- _What the task requires_: Scan the records for lines with the word "states", and copy every such line.
"""
lemma rho_funpow_invariants:
  fixes m :: nat
  assumes "m \<ge> 2" "finite {N. f N \<noteq> 0}"
  shows "finite {N. (rho m ^^ i) f N \<noteq> 0} \<and> residue_part m ((rho m ^^ i) f) = residue_part m f"
proof (induction i)
  case (Suc i)
  then show ?case using finite_support_rho[OF assms(1)] residue_part_rho[OF assms(1)] by simp
qed (use assms(2) in simp)

lemma rho_funpow_add:
  fixes m :: nat
  assumes "m \<ge> 2" "residue_part m g = g" "residue_part m h = 0" "finite {N. h N \<noteq> 0}"
  shows "(rho m ^^ i) (g + h) = g + (rho m ^^ i) h"
proof (induction i)
  case (Suc i)
  have "residue_part m ((rho m ^^ i) h) = 0" "finite {N. (rho m ^^ i) h N \<noteq> 0}"
    using rho_funpow_invariants[OF assms(1,4)] assms(3) by simp_all
  from rho_add[OF assms(1,2) this] Suc.IH show ?case by (simp only: funpow.simps o_apply)
qed simp

lemma rho_orbit_add:
  fixes m :: nat
  assumes "m \<ge> 2" "residue_part m g = g" "residue_part m h = 0" "finite {N. h N \<noteq> 0}"
  shows "rho_orbit m (g + h) = (+) g ` rho_orbit m h"
  unfolding rho_orbit_def rho_funpow_add[OF assms] by blast

lemma residue_part_rho_orbit:
  fixes m :: nat
  assumes "m \<ge> 2" "finite {N. f N \<noteq> 0}" "x \<in> rho_orbit m f"
  shows "residue_part m x = residue_part m f"
  using assms(3) rho_funpow_invariants[OF assms(1,2)] by (auto simp: rho_orbit_def)

lemma self_in_rho_orbit: "f \<in> rho_orbit m f"
  unfolding rho_orbit_def by (metis (mono_tags) funpow_0 mem_Collect_eq)
definition infinite_order :: "'a::ab_group_add \<Rightarrow> bool" where
  "infinite_order a \<longleftrightarrow> (\<forall>k>0. gmul k a \<noteq> 0)"

definition grp_exp :: "'a::ab_group_add itself \<Rightarrow> nat" where
  "grp_exp _ = (LEAST e. e > 0 \<and> (\<forall>a::'a. gmul e a = 0))"

text \<open>cyclic subgroup generated by g (for finite groups, nonnegative multiples suffice)\<close>
definition cyc :: "'a::ab_group_add \<Rightarrow> 'a set" where
  "cyc g = {gmul k g | k. True} \<union> {- gmul k g | k. True}"

definition direct_sum_cyclic :: "'a::ab_group_add itself \<Rightarrow> nat \<Rightarrow> bool" where
  "direct_sum_cyclic _ n \<longleftrightarrow> (\<exists>g :: nat \<Rightarrow> 'a.
      bij_betw (\<lambda>x. \<Sum>i<n. x i) (PiE {..<n} (\<lambda>i. cyc (g i))) (UNIV :: 'a set))"

definition grp_rank :: "'a::ab_group_add itself \<Rightarrow> nat" where
  "grp_rank T = (LEAST n. direct_sum_cyclic T n)"

end

theory Submission
  imports Defs
begin

text \<open>Write \<open>[a]\<close> for the basis element of \<open>a\<close> in \<open>R[A]\<close>, so that \<open>[a] - 1\<close> lies in the
  augmentation ideal.  If \<open>\<Sum>i<n. g i\<close> arises as a subset sum of the \<open>g i\<close> in only one
  way, then \<open>[\<Sum>i<n. g i]\<close> occurs with coefficient 1 in \<open>\<Prod>i<n. ([g i] - 1)\<close>, which is
  therefore nonzero.  Taking all \<open>g i\<close> equal to an element of infinite order gives (a), and
  to an element of maximal order gives \<open>\<nu> \<ge> exp A\<close>; taking the generators of a
  decomposition of \<open>A\<close> into nonzero cyclic groups gives \<open>\<nu> \<ge> rank A\<close>.

  For \<open>a \<noteq> 0\<close> of finite order \<open>c\<close>, let \<open>s\<close> be the sum of the elements of the cyclic group
  generated by \<open>a\<close>.  Then \<open>s\<^sup>2 = c s\<close>, so \<open>x = c - s\<close> lies in the augmentation ideal and
  \<open>x ^ (n + 1) = c ^ n x\<close> has coefficient \<open>- c ^ n\<close> at \<open>a\<close>.  This is nonzero over \<open>\<int>\<close>,
  and over \<open>\<int>/N\<close> when some prime divisor of \<open>N\<close> does not divide \<open>c\<close>; together with (a)
  this gives (b) and (c).\<close>

lemma gmul_add: "gmul (m + n) a = gmul m a + gmul n a"
  by (induction m) (auto simp: add.assoc)

lemma gmul_mult: "gmul (m * n) a = gmul m (gmul n a)"
  by (induction m) (auto simp: gmul_add)

lemma gmul_zero [simp]: "gmul n 0 = 0"
  by (induction n) auto

lemma gmul_plus_distrib: "gmul n (a + b) = gmul n a + gmul n b"
  by (induction n) (auto simp: algebra_simps)

lemma gmul_minus: "gmul n (- a) = - gmul n a"
  by (induction n) (auto simp: algebra_simps)

lemma gmul_diff_distrib: "gmul n (a - b) = gmul n a - gmul n b"
  using gmul_plus_distrib[of n a "- b"] gmul_minus[of n b] by simp

lemma gmul_commute: "gmul m (gmul n a) = gmul n (gmul m a)"
  by (metis gmul_mult mult.commute)

lemma gmul_diff: "m \<le> n \<Longrightarrow> gmul n a - gmul m a = gmul (n - m) a"
  using gmul_add[of "n - m" m a] by simp

lemma sum_constant_gmul: "(\<Sum>i\<in>S. a) = gmul (card S) a"
  by (induction S rule: infinite_finite_induct) auto

lemma gmul_mod:
  assumes "gmul k a = 0"
  shows "gmul n a = gmul (n mod k) a"
proof -
  have "gmul n a = gmul (n mod k) a + gmul (k * (n div k)) a"
    by (metis gmul_add mod_mult_div_eq)
  also have "gmul (k * (n div k)) a = 0"
    by (simp add: mult.commute[of k] gmul_mult assms)
  finally show ?thesis by simp
qed

lemma infinite_order_gmul_inj:
  assumes "infinite_order a"
  shows "inj (\<lambda>k. gmul k a)"
proof (rule injI)
  have "\<not> (i < j \<and> gmul i a = gmul j a)" for i j
    using assms gmul_diff[of i j a] unfolding infinite_order_def by fastforce
  then show "gmul i a = gmul j a \<Longrightarrow> i = j" for i j
    by (metis linorder_neqE_nat)
qed

lemma ex_gmul_eq_zero_finite:
  assumes "finite (UNIV :: 'a::ab_group_add set)"
  shows "\<exists>k>0. gmul k (a::'a) = 0"
proof -
  have "\<not> inj (\<lambda>k::nat. gmul k a)"
    using assms finite_imageD infinite_UNIV_nat by (metis finite_subset subset_UNIV)
  then obtain i j where "i < j" "gmul i a = gmul j a"
    unfolding inj_def by (metis linorder_neqE_nat)
  then show ?thesis
    using gmul_diff[of i j a] by (intro exI[of _ "j - i"]) auto
qed
text \<open>Monotonicity of power means: \<open>\<lambda> \<mapsto> ln (mean of exp (\<lambda> G)) / \<lambda>\<close> increases with \<open>\<lambda>\<close>.\<close>
lemma ln_sum_exp_div_mono:
  fixes G :: "'x::finite \<Rightarrow> real"
  assumes "0 < l'" and "l' \<le> l"
  shows "ln (\<Sum>x\<in>UNIV. exp (l' * G x)) / l'
           \<le> ln (\<Sum>x\<in>UNIV. exp (l * G x)) / l + (1 / l' - 1 / l) * ln (real CARD('x))"
proof -
  define r where "r = l' / l"
  have "0 < l" using assms by simp
  have r: "0 < r" "r \<le> 1" using assms by (auto simp: r_def)
  define Y where "Y = (\<Sum>x\<in>UNIV. exp (l * G x))"
  define N where "N = real CARD('x)"
  have "N > 0" by (simp add: N_def)
  have "Y > 0" unfolding Y_def by (rule sum_exp_pos)
  define c where "c = ln (Y / N)"
  have tangent: "exp (l' * G x) * exp (- (r * c)) \<le> r * (exp (l * G x) / exp c) + (1 - r)" for x
  proof -
    have "exp (l' * G x) * exp (- (r * c)) = exp ((1 - r) * 0 + r * (l * G x - c))"
      using \<open>0 < l\<close> by (simp add: r_def algebra_simps flip: exp_add)
    also have "\<dots> \<le> (1 - r) * exp 0 + r * exp (l * G x - c)"
      using convex_onD[OF exp_convex, of r 0 "l * G x - c"] r by simp
    finally show ?thesis by (simp add: exp_diff)
  qed
  have "(\<Sum>x\<in>UNIV. exp (l' * G x)) * exp (- (r * c)) \<le> (\<Sum>x\<in>UNIV. r * (exp (l * G x) / exp c) + (1 - r))"
    unfolding sum_distrib_right by (intro sum_mono tangent)
  also have "\<dots> = r * (Y / exp c) + (1 - r) * N"
    by (simp add: sum.distrib Y_def N_def flip: sum_distrib_left sum_divide_distrib)
  also have "\<dots> = N" using \<open>Y > 0\<close> \<open>N > 0\<close> by (simp add: c_def algebra_simps)
  finally have "(\<Sum>x\<in>UNIV. exp (l' * G x)) \<le> N * exp (r * c)"
    by (simp add: exp_minus field_simps)
  hence "ln (\<Sum>x\<in>UNIV. exp (l' * G x)) \<le> ln (N * exp (r * c))"
    using sum_exp_pos[of "\<lambda>x. l' * G x"] \<open>N > 0\<close> by (subst ln_le_cancel_iff) auto
  also have "\<dots> = ln N + r * (ln Y - ln N)"
    using \<open>N > 0\<close> \<open>Y > 0\<close> by (simp add: ln_mult c_def ln_div)
  finally have "ln (\<Sum>x\<in>UNIV. exp (l' * G x)) \<le> ln N + r * (ln Y - ln N)" .
  hence "ln (\<Sum>x\<in>UNIV. exp (l' * G x)) / l' \<le> (ln N + r * (ln Y - ln N)) / l'"
    using assms by (simp add: divide_right_mono)
  also have "\<dots> = ln Y / l + (1 / l' - 1 / l) * ln N"
    using \<open>0 < l\<close> assms by (simp add: r_def field_simps)
  finally show ?thesis by (simp add: Y_def N_def)
qed

definition hedge_policy :: "real \<Rightarrow> (nat \<Rightarrow> real) \<Rightarrow> (nat \<Rightarrow> 'x::finite \<Rightarrow> real) \<Rightarrow> nat \<Rightarrow> 'x \<Rightarrow> real" where
  "hedge_policy eta w g t = softmax (\<lambda>x. eta / w (t - 1) * (\<Sum>j=1..t-1. w j * g j x))"
lemma has_real_derivative_inv_v: "(inv v has_real_derivative 1 / deriv v (inv v y)) (at y)"
proof -
  have "deriv (inv v) y = 1 / deriv v (inv v y)"
    using deriv_v_inv_v_mult[of y] deriv_v_nonzero[of "inv v y"] by (simp add: field_simps)
  then show ?thesis
    using inv_differentiable DERIV_deriv_iff_real_differentiable by metis
qed

lemma rfun_odd: "rfun v (- x) = - rfun v x"
proof -
  have deriv_even: "deriv v (- y) = deriv v y" for y
    using deriv_reflect[of v "- 1"] differentiable odd by simp
  have "deriv (deriv v) (- x) = - deriv (deriv v) x"
    using deriv_reflect[of "deriv v" 1] deriv_differentiable deriv_even by simp
  then show ?thesis
    unfolding rfun_def deriv_even by simp
qed

lemma inv_vab:
  assumes "a \<noteq> b"
  defines "e \<equiv> (1 / norm (a - b)) *\<^sub>R (a - b)"
  shows "inv (vab v a b) y = y + (inv v (y \<bullet> e) - y \<bullet> e) *\<^sub>R e"
proof -
  have vab: "vab v a b c = c + (v (c \<bullet> e) - c \<bullet> e) *\<^sub>R e" for c
    by (simp add: vab_def e_def)
  have "e \<bullet> e = 1"
    using assms by (simp add: dot_square_norm power2_eq_square)
  then have vab_e: "vab v a b c \<bullet> e = v (c \<bullet> e)" for c
    by (simp add: vab inner_add_left)
  have "inj (vab v a b)"
  proof (rule injI)
    fix c d assume eq: "vab v a b c = vab v a b d"
    then have "c \<bullet> e = d \<bullet> e"
      using vab_e by (metis inv_v_v)
    then show "c = d"
      using eq by (simp add: vab)
  qed
  moreover have "vab v a b (y + (inv v (y \<bullet> e) - y \<bullet> e) *\<^sub>R e) = y"
    using \<open>e \<bullet> e = 1\<close> by (simp add: vab inner_add_left algebra_simps)
  ultimately show ?thesis
    by (rule inv_f_eq)
qed
(* When Alice and Bob share $\Theta(\log N)$ EPR pairs, there is a quantum protocol of cost $O(\log N)$ in the entangled-fingerprinting model for the $\mathsf{ABCD}$ problem on $N\times N$ matrices such that every \textsc{yes} instance is accepted (output 1) with probability at least $0.95$ and every \textsc{no} instance is accepted with probability at most $0.55$.
   Context: Throughout, $N=2^n$ for a positive integer $n$, and $\mathsf{SU}(N)$ denotes the group of $N\times N$ complex unitary matrices of determinant $1$. The $\mathsf{ABCD}$ problem: Alice is given $A,C\in\mathsf{SU}(N)$ explicitly and Bob is given $B,D\in\mathsf{SU}(N)$ explicitly; the required output is $1$ (a \textsc{yes} instance) if $\mathrm{Tr}(ABCD)\ge 0.9N$ and $0$ (a \textsc{no} instance) if $\mathrm{Tr}(ABCD)\le 0.1N$, promised that one of these holds. Quantum simultaneous model with entanglement: Alice and Bob share an input-independent entangled state; each applies a quantum operation depending on their own input to their part and sends all their qubits to a third party Charlie, who applies an input-independent projective measurement whose outcome is the output; the cost is the total number of qubits sent to Charlie. The entangled-fingerprinting model is the special case in which Alice and Bob use their entanglement to prepare a state of the form $\frac{1}{\sqrt{2N}}\sum_{i\in[N]}\big(\lvert 0_A 0_B\rangle\lvert u_i\rangle_A\lvert v_i\rangle_B+\lvert 1_A1_B\rangle\lvert u_i'\rangle_A\lvert v_i'\rangle_B\big)$, where the states $\lvert u_i\rangle,\lvert u_i'\rangle$ are held (prepared) by Alice and $\lvert v_i\rangle,\lvert v_i'\rangle$ by Bob, and send everything to Charlie; Charlie uncomputes the second qubit (obtaining $\frac{1}{\sqrt{2N}}\sum_i(\lvert 0\rangle\lvert u_i\rangle\lvert v_i\rangle+\lvert1\rangle\lvert u_i'\rangle\lvert v_i'\rangle)$), performs a swap of the last two registers controlled on the first qubit, measures the first qubit in the Hadamard basis, and outputs $1$ iff the outcome is $\lvert +\rangle$ (possibly repeated in parallel with fresh copies, with the output computed from the swap-test statistics). *)

theory Defs
  imports "HOL-Analysis.Analysis"
begin

text \<open>Finite-dimensional complex matrices of varying size d are represented as
  functions nat => nat => complex, only the entries with both indices below d
  being relevant; vectors in C^d are functions nat => complex restricted to
  indices below d.\<close>

type_synonym cmat = "nat \<Rightarrow> nat \<Rightarrow> complex"

definition mmul :: "nat \<Rightarrow> cmat \<Rightarrow> cmat \<Rightarrow> cmat" where
  "mmul d X Y = (\<lambda>i j. \<Sum>k<d. X i k * Y k j)"

definition mtrace :: "nat \<Rightarrow> cmat \<Rightarrow> complex" where
  "mtrace d X = (\<Sum>i<d. X i i)"

definition mdet :: "nat \<Rightarrow> cmat \<Rightarrow> complex" where
  "mdet d X = (\<Sum>p\<in>{p. p permutes {..<d}}. of_int (sign p) * (\<Prod>i<d. X i (p i)))"

definition is_unitary :: "nat \<Rightarrow> cmat \<Rightarrow> bool" where
  "is_unitary d U \<longleftrightarrow> (\<forall>i<d. \<forall>j<d. (\<Sum>k<d. cnj (U k i) * U k j) = (if i = j then 1 else 0))"

definition SU :: "nat \<Rightarrow> cmat set" where
  "SU d = {U. is_unitary d U \<and> mdet d U = 1}"

definition vnorm2 :: "nat \<Rightarrow> (nat \<Rightarrow> complex) \<Rightarrow> real" where
  "vnorm2 d u = (\<Sum>i<d. (cmod (u i))\<^sup>2)"

text \<open>Shared input-independent entangled state: Alice and Bob each hold a register
  of q qubits (index x < 2^q for Alice, y < 2^q for Bob).  The k low-order qubits of
  Alice's register are maximally entangled with the k low-order qubits of Bob's
  register (k EPR pairs); all remaining qubits are ancillas in state |0>.
  Amplitude of |x>_A |y>_B.\<close>
definition epr_state :: "nat \<Rightarrow> nat \<Rightarrow> nat \<Rightarrow> complex" where
  "epr_state k x y = (if x < 2^k \<and> y = x then 1 / complex_of_real (sqrt (2^k)) else 0)"

definition joint_state :: "nat \<Rightarrow> nat \<Rightarrow> cmat \<Rightarrow> cmat \<Rightarrow> nat \<Rightarrow> nat \<Rightarrow> complex" where
  "joint_state q k UA UB x y =
     (\<Sum>x0<2^q. \<Sum>y0<2^q. UA x x0 * UB y y0 * epr_state k x0 y0)"

text \<open>Register layout for the entangled-fingerprinting model: Alice's register of
  q = m+1 qubits is |a>|x'> with the first (control) qubit a = x mod 2 and the
  m-qubit register x' = x div 2, i.e. x = a + 2 x'; likewise for Bob.\<close>
definition fingerprint_form ::
  "nat \<Rightarrow> nat \<Rightarrow> (nat \<Rightarrow> nat \<Rightarrow> complex) \<Rightarrow> bool" where
  "fingerprint_form N m psi \<longleftrightarrow>
     (\<exists>u u' v v' :: nat \<Rightarrow> nat \<Rightarrow> complex.
        (\<forall>i<N. vnorm2 (2^m) (u i) = 1 \<and> vnorm2 (2^m) (u' i) = 1 \<and>
               vnorm2 (2^m) (v i) = 1 \<and> vnorm2 (2^m) (v' i) = 1) \<and>
        (\<forall>a<2. \<forall>b<2. \<forall>x<2^m. \<forall>y<2^m.
           psi (a + 2 * x) (b + 2 * y) =
             1 / complex_of_real (sqrt (2 * real N)) *
             (\<Sum>i<N. (if a = 0 \<and> b = 0 then u i x * v i y else 0)
                    + (if a = 1 \<and> b = 1 then u' i x * v' i y else 0))))"

text \<open>Charlie's fixed measurement on the received state psi (Alice's register
  |a>|x'>, Bob's register |b>|y'>): uncompute Bob's control qubit (CNOT from a to b),
  swap the m-qubit registers controlled on a, measure a in the Hadamard basis,
  and output 1 iff the outcome is |+>.  Probability of outcome 1 (the amplitude
  of |+>|b'>|x'>|y'> after these steps is
  (psi(0,x',b',y') + psi(1,y',1-b',x'))/sqrt 2 for b' in {0,1}; the b' = 1 terms
  vanish for states of fingerprint form).\<close>
definition accept_prob :: "nat \<Rightarrow> (nat \<Rightarrow> nat \<Rightarrow> complex) \<Rightarrow> real" where
  "accept_prob m psi =
     (\<Sum>x<2^m. \<Sum>y<2^m.
        (cmod (psi (0 + 2 * x) (0 + 2 * y) + psi (1 + 2 * y) (1 + 2 * x)))\<^sup>2 / 2
      + (cmod (psi (0 + 2 * x) (1 + 2 * y) + psi (1 + 2 * y) (0 + 2 * x)))\<^sup>2 / 2)"

end

theory Submission
  imports Defs "Jordan_Normal_Form.Determinant"
begin
lemma card_Per_Grass_ge:
  assumes p: "prime p" and W: "W \<in> Grass p n k"
  shows "p ^ (n - k) \<le> card (Per n p W)"
proof -
  have "0 < p" using p prime_gt_0_nat by blast
  obtain b where W_span: "W = {lincomb p k c b | c. \<forall>j<k. c j < p}"
    using W unfolding Grass_def has_dim_def by blast
  have "Per n p (b ` {..<k}) \<subseteq> Per n p W"
    unfolding W_span Per_def by (auto simp: dotp_lincomb_right)
  then have "card (Per n p (b ` {..<k})) \<le> card (Per n p W)"
    by (rule card_mono[OF subspace_finite[OF Per_subspace[OF \<open>0 < p\<close>]]])
  moreover have "p ^ card (b ` {..<k}) \<le> p ^ k"
    using \<open>0 < p\<close> card_image_le[of "{..<k}" b] by (simp add: power_increasing)
  moreover have "p ^ n \<le> p ^ card (b ` {..<k}) * card (Per n p (b ` {..<k}))"
    by (rule card_Per_ge[OF p]) simp
  ultimately have "p ^ n \<le> p ^ k * card (Per n p W)"
    by (meson le_trans mult_le_mono)
  moreover have "vzero \<in> Per n p W"
    using vzero_in_Fvec[OF \<open>0 < p\<close>] by (simp add: Per_def dotp_vzero_left)
  then have "0 < card (Per n p W)"
    using subspace_finite[OF Per_subspace[OF \<open>0 < p\<close>]] card_gt_0_iff by blast
  ultimately show ?thesis
  proof (cases "k \<le> n")
    case True
    with \<open>p ^ n \<le> p ^ k * card (Per n p W)\<close> have "p ^ k * p ^ (n - k) \<le> p ^ k * card (Per n p W)"
      by (simp flip: power_add)
    then show ?thesis using \<open>0 < p\<close> by simp
  qed (use \<open>0 < card (Per n p W)\<close> in simp)
qed

section \<open>Collision counts\<close>

definition dot_collisions :: "nat \<Rightarrow> nat \<Rightarrow> (nat \<Rightarrow> nat) set \<Rightarrow> (nat \<Rightarrow> nat) \<Rightarrow> real" where
  "dot_collisions n p E \<xi> = (\<Sum>x\<in>E. \<Sum>y\<in>E. of_bool (dotp n p x \<xi> = dotp n p y \<xi>))"

definition joint_collisions :: "nat \<Rightarrow> nat \<Rightarrow> (nat \<Rightarrow> nat) set \<Rightarrow> (nat \<Rightarrow> nat) set \<Rightarrow> real" where
  "joint_collisions n p E P = (\<Sum>x\<in>E. \<Sum>y\<in>E. of_bool (\<forall>\<xi>\<in>P. dotp n p x \<xi> = dotp n p y \<xi>))"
"""
- _Written response_:
   Context: Throughout, $N=2^n$ for a positive integer $n$, and $\mathsf{SU}(N)$ denotes the group of $N\times N$ complex unitary matrices of determinant $1$. The $\mathsf{ABCD}$ problem: Alice is given $A,C\in\mathsf{SU}(N)$ explicitly and Bob is given $B,D\in\mathsf{SU}(N)$ explicitly; the required output is $1$ (a \textsc{yes} instance) if $\mathrm{Tr}(ABCD)\ge 0.9N$ and $0$ (a \textsc{no} instance) if $\mathrm{Tr}(ABCD)\le 0.1N$, promised that one of these holds. Quantum simultaneous model with entanglement: Alice and Bob share an input-independent entangled state; each applies a quantum operation depending on their own input to their part and sends all their qubits to a third party Charlie, who applies an input-independent projective measurement whose outcome is the output; the cost is the total number of qubits sent to Charlie. The entangled-fingerprinting model is the special case in which Alice and Bob use their entanglement to prepare a state of the form $\frac{1}{\sqrt{2N}}\sum_{i\in[N]}\big(\lvert 0_A 0_B\rangle\lvert u_i\rangle_A\lvert v_i\rangle_B+\lvert 1_A1_B\rangle\lvert u_i'\rangle_A\lvert v_i'\rangle_B\big)$, where the states $\lvert u_i\rangle,\lvert u_i'\rangle$ are held (prepared) by Alice and $\lvert v_i\rangle,\lvert v_i'\rangle$ by Bob, and send everything to Charlie; Charlie uncomputes the second qubit (obtaining $\frac{1}{\sqrt{2N}}\sum_i(\lvert 0\rangle\lvert u_i\rangle\lvert v_i\rangle+\lvert1\rangle\lvert u_i'\rangle\lvert v_i'\rangle)$), performs a swap of the last two registers controlled on the first qubit, measures the first qubit in the Hadamard basis, and outputs $1$ iff the outcome is $\lvert +\rangle$ (possibly repeated in parallel with fresh copies, with the output computed from the swap-test statistics). *)
  vanish for states of fingerprint form).\<close>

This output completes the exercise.